__WORK INSTRUCTIONS__:
The stretch from the line with "- q) = latt" through the line with "by (metis abs_Re_le_cmod" in the records below: write it out exactly, and nothing else.

Saved entries:
**********
(* Fix $\tau$ in the upper half plane. The meromorphic function $$\mathfrak{Z}(x,y,z)=\wp(x-y)\bigl[\zeta(x-y)+\zeta(y-z)+\zeta(z-x)\bigr]+\tfrac12\wp'(x-y)$$ on $\mathbb{C}^3$ is cyclically symmetric: $\mathfrak{Z}(x,y,z)=\mathfrak{Z}(y,z,x)$.
   Context: $q=e^{2\pi i\tau}$. $\wp(z)=\wp(z,q)=z^{-2}+\sum_{k\ge0}(2k+1)G_{2k+2}z^{2k}$ and $\zeta(z)=\zeta(z,q)=z^{-1}-\sum_{k\ge0}G_{2k+2}z^{2k+1}$, where for even $k\ge2$, $G_k=(2\pi i)^k\bigl(-\frac{B_k}{k!}+\frac{2}{(k-1)!}\sum_{n\ge1}n^{k-1}\frac{q^n}{1-q^n}\bigr)$ ($B_k$ Bernoulli numbers, $t/(e^t-1)=\sum B_nt^n/n!$). Thus $\wp$ is the Weierstrass $\wp$-function of the lattice $\mathbb{Z}+\mathbb{Z}\tau$ plus the constant $G_2$, $\zeta$ is the corresponding quasi-elliptic function with $\wp=-\zeta'$, and $\wp'=\partial_z\wp$. *)

theory Defs
  imports "HOL-Analysis.Analysis"
begin

definition latt :: "complex \<Rightarrow> int \<times> int \<Rightarrow> complex" where
  "latt \<tau> p = of_int (fst p) + of_int (snd p) * \<tau>"

definition wpW :: "complex \<Rightarrow> complex \<Rightarrow> complex" where
  "wpW \<tau> z = 1 / z^2 +
     (\<Sum>\<^sub>\<infinity>p\<in>UNIV - {(0,0)}. 1 / (z - latt \<tau> p)^2 - 1 / (latt \<tau> p)^2)"

definition zetaW :: "complex \<Rightarrow> complex \<Rightarrow> complex" where
  "zetaW \<tau> z = 1 / z +
     (\<Sum>\<^sub>\<infinity>p\<in>UNIV - {(0,0)}. 1 / (z - latt \<tau> p) + 1 / latt \<tau> p + z / (latt \<tau> p)^2)"

text \<open>G_2 = (2 pi i)^2 (-B_2/2! + 2 sum_{n>=1} n q^n/(1-q^n)), q = exp(2 pi i tau), B_2 = 1/6.\<close>
definition G2 :: "complex \<Rightarrow> complex" where
  "G2 \<tau> = (let q = exp (2 * of_real pi * \<i> * \<tau>) in
     (2 * of_real pi * \<i>)^2 * (- (1/6) / 2 +
        2 * (\<Sum>n. of_nat (Suc n) * q ^ Suc n / (1 - q ^ Suc n))))"

text \<open>The paper's normalisations: wp = wpW + G_2, zeta = zetaW - G_2 z.\<close>
definition wp :: "complex \<Rightarrow> complex \<Rightarrow> complex" where
  "wp \<tau> z = wpW \<tau> z + G2 \<tau>"

definition zeta :: "complex \<Rightarrow> complex \<Rightarrow> complex" where
  "zeta \<tau> z = zetaW \<tau> z - G2 \<tau> * z"

definition wp' :: "complex \<Rightarrow> complex \<Rightarrow> complex" where
  "wp' \<tau> z = deriv (wp \<tau>) z"

definition frakZ :: "complex \<Rightarrow> complex \<Rightarrow> complex \<Rightarrow> complex \<Rightarrow> complex" where
  "frakZ \<tau> x y z = wp \<tau> (x - y) * (zeta \<tau> (x - y) + zeta \<tau> (y - z) + zeta \<tau> (z - x))
                    + wp' \<tau> (x - y) / 2"

end

theory Submission
  imports Defs "HOL-Complex_Analysis.Complex_Analysis"
begin

text \<open>
  With \<open>a = x - y\<close> and \<open>b = y - z\<close>, and using that \<open>\<zeta>\<close> is odd (the constant \<open>G\<^sub>2\<close> cancels),
  the cyclic symmetry is the addition theorem
  \<open>(\<wp>(a) - \<wp>(b)) (\<zeta>(a + b) - \<zeta>(a) - \<zeta>(b)) = (\<wp>'(a) - \<wp>'(b)) / 2\<close>
  for the Weierstrass functions of the lattice.
  As a function of \<open>a\<close>, the difference of the two sides is doubly periodic, since \<open>\<wp>\<close> and \<open>\<wp>'\<close> are
  periodic and \<open>\<zeta>\<close> is quasi-periodic. Its singularities at the lattice points and at \<open>-b\<close> plus the
  lattice are removable: at \<open>a = 0\<close> the poles of order three, two and one cancel and the difference
  tends to \<open>0\<close>. By Liouville's theorem it vanishes identically.
\<close>

definition lattice :: "complex \<Rightarrow> complex set" where
  "lattice \<tau> = range (latt \<tau>)"

lemma latt_add [simp]: "latt \<tau> (p + q) = latt \<tau> p + latt \<tau> q"
  and latt_diff [simp]: "latt \<tau> (p - q) = latt \<tau> p - latt \<tau> q"
  and latt_uminus [simp]: "latt \<tau> (- p) = - latt \<tau> p"
  by (simp_all add: latt_def algebra_simps)

lemma latt_zero [simp]: "latt \<tau> (0, 0) = 0"
  by (simp add: latt_def)

lemma zero_in_lattice [simp]: "0 \<in> lattice \<tau>"
  unfolding lattice_def by (metis latt_zero rangeI)

lemma latt_norm_lower_bound:
  assumes "Im \<tau> > 0"
  obtains c where "c > 0"
    "\<And>p. c * (\<bar>real_of_int (fst p)\<bar> + \<bar>real_of_int (snd p)\<bar>) \<le> norm (latt \<tau> p)"
proof
  define c where "c = Im \<tau> / (Im \<tau> + norm \<tau> + 1)"
  show "c > 0"
    using assms by (simp add: c_def add_pos_nonneg)
  fix p :: "int \<times> int"
  obtain m n where p: "p = (m, n)" by (cases p)
  let ?w = "latt \<tau> p"
  have "\<bar>real_of_int n\<bar> * Im \<tau> \<le> norm ?w"
    using abs_Im_le_cmod[of ?w] assms by (simp add: latt_def p abs_mult)
  then have n: "\<bar>real_of_int n\<bar> \<le> norm ?w / Im \<tau>"
    using assms by (simp add: field_simps)
  have "\<bar>real_of_int m\<bar> = \<bar>Re ?w - of_int n * Re \<tau>\<bar>"
    by (simp add: latt_def p)
  also have "\<dots> \<le> norm ?w + \<bar>real_of_int n\<bar> * norm \<tau>"
    by (metis abs_Re_le_cmod abs_mult abs_triangle_ineq4 add_mono abs_ge_zero mult_left_mono order.trans)
  finally have "\<bar>real_of_int m\<bar> + \<bar>real_of_int n\<bar> \<le> norm ?w + \<bar>real_of_int n\<bar> * (norm \<tau> + 1)"
    by (simp add: algebra_simps)
  also have "\<dots> \<le> norm ?w + norm ?w / Im \<tau> * (norm \<tau> + 1)"
    using n by (intro add_left_mono mult_right_mono) auto
  also have "\<dots> = norm ?w / c"
    using assms by (simp add: c_def field_simps)
  finally show "c * (\<bar>real_of_int (fst p)\<bar> + \<bar>real_of_int (snd p)\<bar>) \<le> norm ?w"
    using \<open>c > 0\<close> by (simp add: p field_simps)
qed

lemma finite_latt_bounded:
  assumes "Im \<tau> > 0"
  shows "finite {p. norm (latt \<tau> p) \<le> T}"
proof -
  obtain c where c: "c > 0"
    "\<And>p. c * (\<bar>real_of_int (fst p)\<bar> + \<bar>real_of_int (snd p)\<bar>) \<le> norm (latt \<tau> p)"
    using latt_norm_lower_bound[OF assms] by blast
  define N where "N = \<lceil>T / c\<rceil>"
  have "{p. norm (latt \<tau> p) \<le> T} \<subseteq> {-N..N} \<times> {-N..N}"
  proof safe
    fix m n assume "norm (latt \<tau> (m, n)) \<le> T"
    then have "\<bar>real_of_int m\<bar> + \<bar>real_of_int n\<bar> \<le> T / c"
      using c(1) c(2)[of "(m, n)"] by (simp add: field_simps)
    moreover have "T / c \<le> of_int N"
      unfolding N_def by (rule le_of_int_ceiling)
    ultimately show "m \<in> {-N..N}" "n \<in> {-N..N}"
      by (simp_all add: abs_le_iff) linarith+
  qed
  then show ?thesis
    by (rule finite_subset) auto
qed

lemma latt_nonzero_norm_lower_bound:
  assumes "Im \<tau> > 0"
  obtains \<delta> where "\<delta> > 0" "\<And>p. p \<noteq> (0, 0) \<Longrightarrow> \<delta> \<le> norm (latt \<tau> p)"
proof -
  obtain c where c: "c > 0"
    "\<And>p. c * (\<bar>real_of_int (fst p)\<bar> + \<bar>real_of_int (snd p)\<bar>) \<le> norm (latt \<tau> p)"
    using latt_norm_lower_bound[OF assms] by blast
  have "c \<le> norm (latt \<tau> p)" if "p \<noteq> (0, 0)" for p
  proof -
    have "1 \<le> \<bar>real_of_int (fst p)\<bar> + \<bar>real_of_int (snd p)\<bar>"
      using that by (cases p) auto
    then have "c * 1 \<le> c * (\<bar>real_of_int (fst p)\<bar> + \<bar>real_of_int (snd p)\<bar>)"
      using c(1) by (intro mult_left_mono) auto
    then show ?thesis
      using c(2)[of p] by simp
  qed
  with c(1) that show ?thesis by blast
qed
**********
__RESPONSE TO THE EXERCISE__:
  and latt_diff [simp]: "latt \<tau> (p - q) = latt \<tau> p - latt \<tau> q"
  and latt_uminus [simp]: "latt \<tau> (- p) = - latt \<tau> p"
  by (simp_all add: latt_def algebra_simps)

lemma latt_zero [simp]: "latt \<tau> (0, 0) = 0"
  by (simp add: latt_def)

lemma zero_in_lattice [simp]: "0 \<in> lattice \<tau>"
  unfolding lattice_def by (metis latt_zero rangeI)

lemma latt_norm_lower_bound:
  assumes "Im \<tau> > 0"
  obtains c where "c > 0"
    "\<And>p. c * (\<bar>real_of_int (fst p)\<bar> + \<bar>real_of_int (snd p)\<bar>) \<le> norm (latt \<tau> p)"
proof
  define c where "c = Im \<tau> / (Im \<tau> + norm \<tau> + 1)"
  show "c > 0"
    using assms by (simp add: c_def add_pos_nonneg)
  fix p :: "int \<times> int"
  obtain m n where p: "p = (m, n)" by (cases p)
  let ?w = "latt \<tau> p"
  have "\<bar>real_of_int n\<bar> * Im \<tau> \<le> norm ?w"
    using abs_Im_le_cmod[of ?w] assms by (simp add: latt_def p abs_mult)
  then have n: "\<bar>real_of_int n\<bar> \<le> norm ?w / Im \<tau>"
    using assms by (simp add: field_simps)
  have "\<bar>real_of_int m\<bar> = \<bar>Re ?w - of_int n * Re \<tau>\<bar>"
    by (simp add: latt_def p)
  also have "\<dots> \<le> norm ?w + \<bar>real_of_int n\<bar> * norm \<tau>"
    by (metis abs_Re_le_cmod abs_mult abs_triangle_ineq4 add_mono abs_ge_zero mult_left_mono order.trans)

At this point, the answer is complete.